## THE TASK:
Could you print every line from the first one of the records below through the line containing "f = norm_diff_quot", with both included and nothing else?

[Saved data entries]
-*-*-

lemma norm_gateaux_self:
  assumes "norm_gateaux_differentiable_at f" "f \<noteq> 0"
  shows "norm_gateaux f f = norm f"
proof (rule norm_gateaux_eqI[OF assms])
  have "norm_diff_quot f f t = norm f" if "t \<noteq> 0" "\<bar>t\<bar> < 1" for t :: real
  proof -
    have "f + t *\<^sub>R f = (1 + t) *\<^sub>R f" by (simp add: algebra_simps)
    then have "norm (f + t *\<^sub>R f) = (1 + t) * norm f"
      using that by simp
    then show ?thesis using that by (simp add: norm_diff_quot_def field_simps)
  qed
  then have "\<forall>\<^sub>F t in at 0. norm f = norm_diff_quot f f t"
    unfolding eventually_at by (intro exI[of _ 1]) (auto simp: dist_real_def)
  then show "(norm_diff_quot f f \<longlongrightarrow> norm f) (at 0)"
    by (rule Lim_transform_eventually[OF tendsto_const])
qed

lemma norm_gateaux_le_norm:
  assumes "norm_gateaux_differentiable_at f" "f \<noteq> 0"
  shows "norm_gateaux f g \<le> norm g"
proof (rule norm_gateaux_le_if_eventually_le[OF assms])
  show "\<forall>\<^sub>F t in at_right 0. norm_diff_quot f g t \<le> norm g"
  proof (rule eventually_mono[OF eventually_at_right_less])
    fix t :: real assume "0 < t"
    moreover have "norm (f + t *\<^sub>R g) \<le> norm f + t * norm g"
      using norm_triangle_ineq[of f "t *\<^sub>R g"] \<open>0 < t\<close> by simp
    ultimately show "norm_diff_quot f g t \<le> norm g"
      by (simp add: norm_diff_quot_def divide_le_eq algebra_simps)
  qed
qed

lemma norm_le_if_norm_gateaux_eq_norm:
  assumes "smooth_space TYPE('a::real_normed_vector)" "norm_gateaux f g = norm (f::'a)"
  shows "norm f \<le> norm g"
proof (cases "f = 0")
  case False
  then have "norm_gateaux_differentiable_at f"
    using assms(1) by (simp add: smooth_space_def)
  then show ?thesis using norm_gateaux_le_norm[OF _ False] assms(2) by metis
qed simp

lemma norm_gateaux_eq_0_if_min_on_line:
  assumes "smooth_space TYPE('a::real_normed_vector)"
    and min: "\<And>t. norm (f::'a) \<le> norm (f + t *\<^sub>R h)"
  shows "norm_gateaux f h = 0"
proof (cases "f = 0")
  case True
  then show ?thesis by (simp add: norm_gateaux_def)
next
  case False
  have diff: "norm_gateaux_differentiable_at f"
    using assms(1) False by (simp add: smooth_space_def)
  have "0 \<le> norm_gateaux f (c *\<^sub>R h)" for c
    using min[of "t * c" for t]
    by (intro norm_gateaux_ge_if_eventually_ge[OF diff False]
        eventually_mono[OF eventually_at_right_less]) (simp add: norm_diff_quot_def)
  from this[of 1] this[of "-1"] show ?thesis
    using norm_gateaux_scaleR[OF diff False, of "-1" h] by simp
qed

text \<open>Induction on the family: if some e with \<nu>_a e = 1 is killed by the other functionals,
  apply the induction hypothesis to G - G(e) \<nu>_a; otherwise \<nu>_a itself vanishes on their
  common kernel.\<close>
lemma linear_combination_if_common_kernel:
  fixes \<nu> :: "'i \<Rightarrow> 'a::real_vector \<Rightarrow> real"
  assumes "finite S" "\<forall>j\<in>S. linear (\<nu> j)" "linear G"
    and "\<forall>h. (\<forall>j\<in>S. \<nu> j h = 0) \<longrightarrow> G h = 0"
  shows "\<exists>c. \<forall>h. G h = (\<Sum>j\<in>S. c j * \<nu> j h)"
  using assms
proof (induction S arbitrary: G rule: finite_induct)
  case empty
  then show ?case by simp
next
  case (insert a S)
  have lin_a: "linear (\<nu> a)" and lin_S: "\<forall>j\<in>S. linear (\<nu> j)" using insert.prems by auto
  have extend: "\<exists>c. \<forall>h. G h = (\<Sum>j\<in>insert a S. c j * \<nu> j h)"
    if "\<forall>h. G h = ca * \<nu> a h + (\<Sum>j\<in>S. c j * \<nu> j h)" for ca c
  proof -
    have "(\<Sum>j\<in>S. (c(a := ca)) j * \<nu> j h) = (\<Sum>j\<in>S. c j * \<nu> j h)" for h
      using insert.hyps(2) by (intro sum.cong) auto
    then show ?thesis using that insert.hyps by (intro exI[of _ "c(a := ca)"]) simp
  qed
  show ?case
  proof (cases "\<forall>e. (\<forall>j\<in>S. \<nu> j e = 0) \<longrightarrow> \<nu> a e = 0")
    case True
    then obtain c where "\<forall>h. G h = (\<Sum>j\<in>S. c j * \<nu> j h)"
      using insert.IH[OF lin_S insert.prems(2)] insert.prems(3) by auto
    then show ?thesis by (intro extend[of 0 c]) simp
  next
    case False
    then obtain e0 where e0: "\<forall>j\<in>S. \<nu> j e0 = 0" "\<nu> a e0 \<noteq> 0" by blast
    define e where "e = (1 / \<nu> a e0) *\<^sub>R e0"
    have e_S: "\<forall>j\<in>S. \<nu> j e = 0" and e_a: "\<nu> a e = 1"
      using e0 lin_S lin_a by (simp_all add: e_def linear_scale)
    define G' where "G' = (\<lambda>h. G h - G e * \<nu> a h)"
    have "linear G'"
      unfolding G'_def using insert.prems(2) lin_a
      by (intro linearI) (auto simp: linear_add linear_scale algebra_simps)
    moreover have "G' h = 0" if h: "\<forall>j\<in>S. \<nu> j h = 0" for h
    proof -
      have "\<forall>j\<in>insert a S. \<nu> j (h - \<nu> a h *\<^sub>R e) = 0"
        using h e_S e_a lin_a lin_S by (auto simp: linear_diff linear_scale)
      then have "G (h - \<nu> a h *\<^sub>R e) = 0" using insert.prems(3) by blast
      then show ?thesis using insert.prems(2) by (simp add: G'_def linear_diff linear_scale)
    qed
    ultimately obtain c where "\<forall>h. G' h = (\<Sum>j\<in>S. c j * \<nu> j h)"
      using insert.IH[OF lin_S] by blast
    then show ?thesis
      unfolding G'_def by (intro extend[of "G e" c]) (metis diff_add_cancel add.commute)
  qed
qed

lemma norm_gateaux_in_span_if_min_norm:
  assumes "smooth_space TYPE('a::real_normed_vector)" "\<forall>j\<in>{1..m}. linear (\<nu> j)"
    and "f \<in> interp_set m \<nu> y" "\<And>g. g \<in> interp_set m \<nu> y \<Longrightarrow> norm (f::'a) \<le> norm g"
  shows "\<exists>c. norm_gateaux f = (\<lambda>h. \<Sum>j\<in>{1..m}. c j * \<nu> j h)"
proof -
  have "norm_gateaux f h = 0" if "\<forall>j\<in>{1..m}. \<nu> j h = 0" for h
  proof (rule norm_gateaux_eq_0_if_min_on_line[OF assms(1)])
    fix t
    have "f + t *\<^sub>R h \<in> interp_set m \<nu> y"
      using assms(2,3) that by (auto simp: interp_set_def linear_add linear_scale)
    then show "norm f \<le> norm (f + t *\<^sub>R h)" by (rule assms(4))
  qed
  then obtain c where "\<forall>h. norm_gateaux f h = (\<Sum>j\<in>{1..m}. c j * \<nu> j h)"
    using linear_combination_if_common_kernel[OF _ assms(2) linear_norm_gateaux[OF assms(1)]]
    by blast
  then show ?thesis by (auto simp: fun_eq_iff)
qed

lemma min_norm_if_norm_gateaux_in_span:
  assumes "smooth_space TYPE('a::real_normed_vector)"
    and "f \<in> interp_set m \<nu> y" "g \<in> interp_set m \<nu> y"
    and "norm_gateaux f = (\<lambda>h. \<Sum>j\<in>{1..m}. c j * \<nu> j h)"
  shows "norm (f::'a) \<le> norm g"
proof (rule norm_le_if_norm_gateaux_eq_norm[OF assms(1)])
  have "norm_gateaux f g = norm_gateaux f f"
    using assms(2-4) by (simp add: interp_set_def)
  also have "\<dots> = norm f"
  proof (cases "f = 0")
    case False
    with assms(1) show ?thesis by (simp add: norm_gateaux_self smooth_space_def)
  qed (simp add: norm_gateaux_def)
  finally show "norm_gateaux f g = norm f" .
qed

lemma min_norm_interp_solution_iff:
  "min_norm_interp_solution m \<nu> y f \<longleftrightarrow>
     f \<in> interp_set m \<nu> y \<and> (\<forall>g\<in>interp_set m \<nu> y. norm f \<le> norm g)"
proof
  have bdd: "bdd_below (norm ` interp_set m \<nu> y)" by (rule bdd_belowI[of _ 0]) auto
  assume "min_norm_interp_solution m \<nu> y f"
  then show "f \<in> interp_set m \<nu> y \<and> (\<forall>g\<in>interp_set m \<nu> y. norm f \<le> norm g)"
    using cInf_lower[OF imageI bdd] by (simp add: min_norm_interp_solution_def)
next
  assume min: "f \<in> interp_set m \<nu> y \<and> (\<forall>g\<in>interp_set m \<nu> y. norm f \<le> norm g)"
  then have "Inf (norm ` interp_set m \<nu> y) = norm f" by (intro cInf_eq_minimum) auto
  with min show "min_norm_interp_solution m \<nu> y f"
    by (simp add: min_norm_interp_solution_def)
qed

theorem mainTheorem3:
  fixes \<nu> :: "nat \<Rightarrow> 'a::banach \<Rightarrow> real" and m :: nat and y :: "nat \<Rightarrow> real" and fh :: 'a
  assumes smooth: "smooth_space TYPE('a)"
    and dual: "\<forall>j\<in>{1..m}. bounded_linear (\<nu> j)"
    and lin_indep: "\<forall>c::nat \<Rightarrow> real. (\<forall>f. (\<Sum>j\<in>{1..m}. c j * \<nu> j f) = 0)
                       \<longrightarrow> (\<forall>j\<in>{1..m}. c j = 0)"
  shows "min_norm_interp_solution m \<nu> y fh \<longleftrightarrow>
           fh \<in> interp_set m \<nu> y \<and>
           (\<exists>c::nat \<Rightarrow> real. norm_gateaux fh = (\<lambda>h. \<Sum>j\<in>{1..m}. c j * \<nu> j h))"
proof -
  have lin: "\<forall>j\<in>{1..m}. linear (\<nu> j)" using dual bounded_linear.linear by blast
  show ?thesis
    unfolding min_norm_interp_solution_iff
  proof (intro iffI conjI; elim conjE)
    assume "fh \<in> interp_set m \<nu> y" "\<forall>g\<in>interp_set m \<nu> y. norm fh \<le> norm g"
    then show "\<exists>c. norm_gateaux fh = (\<lambda>h. \<Sum>j\<in>{1..m}. c j * \<nu> j h)"
      by (intro norm_gateaux_in_span_if_min_norm[OF smooth lin]) auto
  next
    assume "fh \<in> interp_set m \<nu> y" "\<exists>c. norm_gateaux fh = (\<lambda>h. \<Sum>j\<in>{1..m}. c j * \<nu> j h)"
    then show "\<forall>g\<in>interp_set m \<nu> y. norm fh \<le> norm g"
      using min_norm_if_norm_gateaux_in_span[OF smooth, of fh m \<nu> y] by auto
  qed
qed

end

-*-*-

## WRITTEN RESPONSE:
lemma norm_gateaux_self:
  assumes "norm_gateaux_differentiable_at f" "f \<noteq> 0"
  shows "norm_gateaux f f = norm f"
proof (rule norm_gateaux_eqI[OF assms])
  have "norm_diff_quot f f t = norm f" if "t \<noteq> 0" "\<bar>t\<bar> < 1" for t :: real
  proof -
    have "f + t *\<^sub>R f = (1 + t) *\<^sub>R f" by (simp add: algebra_simps)
    then have "norm (f + t *\<^sub>R f) = (1 + t) * norm f"
      using that by simp
    then show ?thesis using that by (simp add: norm_diff_quot_def field_simps)
  qed
  then have "\<forall>\<^sub>F t in at 0. norm f = norm_diff_quot f f t"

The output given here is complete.